theorem mainTheorem5:
  fixes U :: "complex set" and z0 :: complex and s :: complex
    and \<phi>1 \<phi>2 \<phi>3 :: "complex \<Rightarrow> complex"
  assumes "open U" and "connected U" and "simply_connected U" and "z0 \<in> U"
    and "\<phi>1 holomorphic_on U" and "\<phi>2 holomorphic_on U" and "\<phi>3 holomorphic_on U"
    and "s = 1 \<or> s = -1"
    and "\<forall>z\<in>U. \<phi>2 z = s * \<i> * \<phi>1 z"
    and "\<forall>z\<in>U. \<phi>1 z \<noteq> 0"
  defines "x \<equiv> weierstrass_x U z0 \<phi>1 \<phi>2 \<phi>3"
  shows "immersion_on U x \<and> admissible_on U x \<and> iso_minimal_on U x \<and>
    (\<forall>z\<in>U.
       g11 x z = (cmod (\<phi>1 z))^2 \<and> g12 x z = 0 \<and> g22 x z = (cmod (\<phi>1 z))^2 \<and>
       h11 x z = Re (\<phi>1 z * deriv (\<lambda>w. \<phi>3 w / \<phi>1 w) z) \<and>
       h22 x z = - Re (\<phi>1 z * deriv (\<lambda>w. \<phi>3 w / \<phi>1 w) z) \<and>
       h12 x z = - Im (\<phi>1 z * deriv (\<lambda>w. \<phi>3 w / \<phi>1 w) z) \<and>
       iso_K x z = - ((cmod ((1 / \<phi>1 z) * deriv (\<lambda>w. \<phi>3 w / \<phi>1 w) z))^2))"
proof -
  note weierstrass = assms(1-10)
  have forms: "g11 x z = (cmod (\<phi>1 z))\<^sup>2" "g12 x z = 0" "g22 x z = (cmod (\<phi>1 z))\<^sup>2"
    "h11 x z = Re (\<phi>1 z * deriv (\<lambda>w. \<phi>3 w / \<phi>1 w) z)"
    "h12 x z = - Im (\<phi>1 z * deriv (\<lambda>w. \<phi>3 w / \<phi>1 w) z)"
    "h22 x z = - Re (\<phi>1 z * deriv (\<lambda>w. \<phi>3 w / \<phi>1 w) z)" if "z \<in> U" for z
    using weierstrass_x_fundamental_forms[OF weierstrass that] by (simp_all add: x_def)
  note curvatures = isotropic_curvatures_conformal[OF forms]
  have "(cmod ((1 / \<phi>1 z) * deriv (\<lambda>w. \<phi>3 w / \<phi>1 w) z))\<^sup>2 =
      (cmod (\<phi>1 z * deriv (\<lambda>w. \<phi>3 w / \<phi>1 w) z))\<^sup>2 / ((cmod (\<phi>1 z))\<^sup>2)\<^sup>2" if "z \<in> U" for z
    using assms(10) that by (simp add: norm_divide norm_mult power_mult_distrib field_simps)
  then show ?thesis
    using weierstrass_x_immersion[OF weierstrass] weierstrass_x_admissible[OF weierstrass]
      forms curvatures
    by (simp add: x_def iso_minimal_on_def)
qed

end
lemma Eexp_eq_nn_integral:
  assumes "\<And>w. w \<in> space M \<Longrightarrow> 0 \<le> Z w"
  shows "Eexp M Z = enn2ereal (\<integral>\<^sup>+ w. e2ennreal (Z w) \<partial>M)"
proof -
  have "(\<integral>\<^sup>+ w. e2ennreal (- Z w) \<partial>M) = 0"
    using assms by (simp add: nn_integral_cong[where v = "\<lambda>_. 0"] e2ennreal_neg)
  then show ?thesis by (simp add: Eexp_def upper_add_eq_plus zero_ennreal.rep_eq)
qed

lemma Eexp_nonneg:
  assumes "\<And>w. w \<in> space M \<Longrightarrow> 0 \<le> Z w"
  shows "0 \<le> Eexp M Z"
  by (simp add: Eexp_eq_nn_integral[OF assms])

lemma Eexp_mono:
  assumes "\<And>w. w \<in> space M \<Longrightarrow> Z w \<le> Z' w"
  shows "Eexp M Z \<le> Eexp M Z'"
proof -
  have "(\<integral>\<^sup>+ w. e2ennreal (Z w) \<partial>M) \<le> (\<integral>\<^sup>+ w. e2ennreal (Z' w) \<partial>M)"
    "(\<integral>\<^sup>+ w. e2ennreal (- Z' w) \<partial>M) \<le> (\<integral>\<^sup>+ w. e2ennreal (- Z w) \<partial>M)"
    using assms by (auto intro!: nn_integral_mono e2ennreal_mono)
  then show ?thesis
    unfolding Eexp_def upper_add_eq_plus by (intro add_mono) (auto simp: less_eq_ennreal.rep_eq)
qed

lemma enn2ereal_eq_ereal_enn2real: "x < \<infinity> \<Longrightarrow> enn2ereal x = ereal (enn2real x)"
  by (cases x rule: ennreal_cases) auto

lemma Eexp_eq_integral:
  assumes g: "integrable M g" and Z: "AE w in M. Z w = ereal (g w)"
  shows "Eexp M Z = ereal (\<integral>w. g w \<partial>M)"
proof -
  have pos: "(\<integral>\<^sup>+ w. e2ennreal (Z w) \<partial>M) = (\<integral>\<^sup>+ w. ennreal (g w) \<partial>M)"
    and neg: "(\<integral>\<^sup>+ w. e2ennreal (- Z w) \<partial>M) = (\<integral>\<^sup>+ w. ennreal (- g w) \<partial>M)"
    using Z by (auto intro!: nn_integral_cong_AE)
  have "(\<integral>\<^sup>+ w. ennreal (g w) \<partial>M) < \<infinity>" "(\<integral>\<^sup>+ w. ennreal (- g w) \<partial>M) < \<infinity>"
    using integrableD(2,3)[OF g] by (simp_all add: less_top)
  then show ?thesis
    unfolding Eexp_def upper_add_eq_plus pos neg real_lebesgue_integral_def[OF g]
    by (simp add: enn2ereal_eq_ereal_enn2real)
qed

lemma Eexp_finite_imp_integrable:
  assumes Z: "Z \<in> borel_measurable M" "\<And>w. w \<in> space M \<Longrightarrow> 0 \<le> Z w"
    and fin: "Eexp M Z \<noteq> \<infinity>"
  obtains g where "integrable M g" "AE w in M. Z w = ereal (g w)" "Eexp M Z = ereal (\<integral>w. g w \<partial>M)"
proof -
  define g where "g w = real_of_ereal (Z w)" for w
  have "(\<integral>\<^sup>+ w. e2ennreal (Z w) \<partial>M) \<noteq> \<infinity>"
    using fin by (simp add: Eexp_eq_nn_integral[OF Z(2)])
  then have "AE w in M. e2ennreal (Z w) \<noteq> \<infinity>"
    using Z by (intro nn_integral_noteq_infinite) auto
  then have ae: "AE w in M. Z w = ereal (g w)"
    using AE_space
  proof eventually_elim
    case (elim w)
    with Z(2)[of w] show ?case by (cases "Z w") (auto simp: g_def e2ennreal_infty)
  qed
  have "AE w in M. ennreal (norm (g w)) = e2ennreal (Z w)"
    using ae AE_space by eventually_elim (use Z(2) in force)
  then have "(\<integral>\<^sup>+ w. ennreal (norm (g w)) \<partial>M) = (\<integral>\<^sup>+ w. e2ennreal (Z w) \<partial>M)"
    by (rule nn_integral_cong_AE)
  moreover have "g \<in> borel_measurable M"
    unfolding g_def using Z(1) by measurable
  ultimately have g: "integrable M g"
    using fin by (intro integrableI_bounded) (auto simp: Eexp_eq_nn_integral[OF Z(2)] less_top)
  then show ?thesis
    using ae that by (simp add: Eexp_cong_AE[OF ae] Eexp_eq_integral)
qed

• _Instructions to follow_:
Copy out the data above word for word, starting at its first line and ending with the line that contains "note curvatures = isotropic_curvatures_conformal[OF".

• _Reply_:
theorem mainTheorem5:
  fixes U :: "complex set" and z0 :: complex and s :: complex
    and \<phi>1 \<phi>2 \<phi>3 :: "complex \<Rightarrow> complex"
  assumes "open U" and "connected U" and "simply_connected U" and "z0 \<in> U"
    and "\<phi>1 holomorphic_on U" and "\<phi>2 holomorphic_on U" and "\<phi>3 holomorphic_on U"
    and "s = 1 \<or> s = -1"
    and "\<forall>z\<in>U. \<phi>2 z = s * \<i> * \<phi>1 z"
    and "\<forall>z\<in>U. \<phi>1 z \<noteq> 0"
  defines "x \<equiv> weierstrass_x U z0 \<phi>1 \<phi>2 \<phi>3"
  shows "immersion_on U x \<and> admissible_on U x \<and> iso_minimal_on U x \<and>
    (\<forall>z\<in>U.
       g11 x z = (cmod (\<phi>1 z))^2 \<and> g12 x z = 0 \<and> g22 x z = (cmod (\<phi>1 z))^2 \<and>
       h11 x z = Re (\<phi>1 z * deriv (\<lambda>w. \<phi>3 w / \<phi>1 w) z) \<and>
       h22 x z = - Re (\<phi>1 z * deriv (\<lambda>w. \<phi>3 w / \<phi>1 w) z) \<and>
       h12 x z = - Im (\<phi>1 z * deriv (\<lambda>w. \<phi>3 w / \<phi>1 w) z) \<and>
       iso_K x z = - ((cmod ((1 / \<phi>1 z) * deriv (\<lambda>w. \<phi>3 w / \<phi>1 w) z))^2))"
proof -
  note weierstrass = assms(1-10)
  have forms: "g11 x z = (cmod (\<phi>1 z))\<^sup>2" "g12 x z = 0" "g22 x z = (cmod (\<phi>1 z))\<^sup>2"
    "h11 x z = Re (\<phi>1 z * deriv (\<lambda>w. \<phi>3 w / \<phi>1 w) z)"
    "h12 x z = - Im (\<phi>1 z * deriv (\<lambda>w. \<phi>3 w / \<phi>1 w) z)"
    "h22 x z = - Re (\<phi>1 z * deriv (\<lambda>w. \<phi>3 w / \<phi>1 w) z)" if "z \<in> U" for z
    using weierstrass_x_fundamental_forms[OF weierstrass that] by (simp_all add: x_def)
  note curvatures = isotropic_curvatures_conformal[OF forms]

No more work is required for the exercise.